◆ The task
Once you find the line in the listing below that contains "(\<forall>x\<in>frontier \<Omega>. \<psi>", copy it and every following line exactly, stopping at the end.
(Supplied entries)
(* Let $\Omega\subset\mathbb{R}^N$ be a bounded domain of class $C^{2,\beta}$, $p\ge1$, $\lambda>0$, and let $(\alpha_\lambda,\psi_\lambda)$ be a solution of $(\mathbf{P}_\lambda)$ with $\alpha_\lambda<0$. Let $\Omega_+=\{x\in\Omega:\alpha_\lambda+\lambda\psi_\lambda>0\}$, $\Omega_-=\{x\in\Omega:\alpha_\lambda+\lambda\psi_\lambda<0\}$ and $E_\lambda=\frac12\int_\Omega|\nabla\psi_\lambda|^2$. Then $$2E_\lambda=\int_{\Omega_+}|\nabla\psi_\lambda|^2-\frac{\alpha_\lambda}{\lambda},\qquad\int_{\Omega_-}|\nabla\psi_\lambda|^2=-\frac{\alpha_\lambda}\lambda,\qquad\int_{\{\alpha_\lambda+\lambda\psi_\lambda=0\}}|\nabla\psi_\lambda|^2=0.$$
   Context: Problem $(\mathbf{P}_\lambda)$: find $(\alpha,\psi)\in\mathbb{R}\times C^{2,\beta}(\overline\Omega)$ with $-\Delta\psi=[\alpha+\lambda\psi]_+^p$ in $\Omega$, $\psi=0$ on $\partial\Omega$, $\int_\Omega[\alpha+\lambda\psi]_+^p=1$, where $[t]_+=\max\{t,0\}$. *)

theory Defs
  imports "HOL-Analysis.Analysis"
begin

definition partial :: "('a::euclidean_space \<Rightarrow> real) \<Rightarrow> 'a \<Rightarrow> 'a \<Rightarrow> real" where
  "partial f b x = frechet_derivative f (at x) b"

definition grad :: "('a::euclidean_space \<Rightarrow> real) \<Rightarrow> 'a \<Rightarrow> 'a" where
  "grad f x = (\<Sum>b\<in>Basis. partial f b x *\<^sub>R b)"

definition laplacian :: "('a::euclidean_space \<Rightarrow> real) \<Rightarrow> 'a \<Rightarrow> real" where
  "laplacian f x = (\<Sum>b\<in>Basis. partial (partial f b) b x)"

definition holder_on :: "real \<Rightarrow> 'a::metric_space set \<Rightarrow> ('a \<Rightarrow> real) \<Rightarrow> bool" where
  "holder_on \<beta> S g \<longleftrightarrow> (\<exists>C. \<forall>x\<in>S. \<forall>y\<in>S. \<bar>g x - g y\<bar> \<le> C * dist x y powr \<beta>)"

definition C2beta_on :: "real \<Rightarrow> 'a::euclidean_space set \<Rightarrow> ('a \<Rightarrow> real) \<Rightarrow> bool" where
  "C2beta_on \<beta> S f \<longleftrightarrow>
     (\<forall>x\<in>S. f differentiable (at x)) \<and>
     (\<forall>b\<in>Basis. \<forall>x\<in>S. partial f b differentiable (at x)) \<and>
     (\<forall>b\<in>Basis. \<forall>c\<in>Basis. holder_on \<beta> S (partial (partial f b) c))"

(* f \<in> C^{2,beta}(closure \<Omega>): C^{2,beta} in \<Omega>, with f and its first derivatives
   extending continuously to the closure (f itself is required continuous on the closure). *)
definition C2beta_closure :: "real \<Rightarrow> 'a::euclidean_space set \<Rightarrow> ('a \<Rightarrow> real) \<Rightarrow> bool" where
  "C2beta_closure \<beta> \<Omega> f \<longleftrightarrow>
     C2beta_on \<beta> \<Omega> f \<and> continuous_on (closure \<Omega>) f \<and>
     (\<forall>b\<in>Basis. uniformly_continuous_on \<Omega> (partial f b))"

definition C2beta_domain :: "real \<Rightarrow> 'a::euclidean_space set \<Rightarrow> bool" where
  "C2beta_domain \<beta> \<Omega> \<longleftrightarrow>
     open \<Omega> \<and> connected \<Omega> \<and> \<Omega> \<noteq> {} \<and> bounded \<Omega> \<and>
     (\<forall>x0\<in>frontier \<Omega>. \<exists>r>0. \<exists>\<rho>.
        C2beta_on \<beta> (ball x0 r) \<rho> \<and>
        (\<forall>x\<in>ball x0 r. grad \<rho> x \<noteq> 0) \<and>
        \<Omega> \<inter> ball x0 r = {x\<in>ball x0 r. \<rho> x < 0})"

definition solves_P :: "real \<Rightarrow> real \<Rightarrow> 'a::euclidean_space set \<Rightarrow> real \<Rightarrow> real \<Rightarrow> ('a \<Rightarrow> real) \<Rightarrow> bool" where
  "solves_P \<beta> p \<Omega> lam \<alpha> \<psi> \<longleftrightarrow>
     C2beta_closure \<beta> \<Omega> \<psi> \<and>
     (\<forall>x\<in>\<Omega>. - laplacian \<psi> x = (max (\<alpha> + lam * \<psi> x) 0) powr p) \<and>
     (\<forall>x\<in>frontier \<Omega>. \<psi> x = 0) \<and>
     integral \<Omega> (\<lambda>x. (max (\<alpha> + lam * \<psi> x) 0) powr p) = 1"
(End Supplied entries)
◆ Solution for this exercise
     (\<forall>x\<in>frontier \<Omega>. \<psi> x = 0) \<and>
     integral \<Omega> (\<lambda>x. (max (\<alpha> + lam * \<psi> x) 0) powr p) = 1"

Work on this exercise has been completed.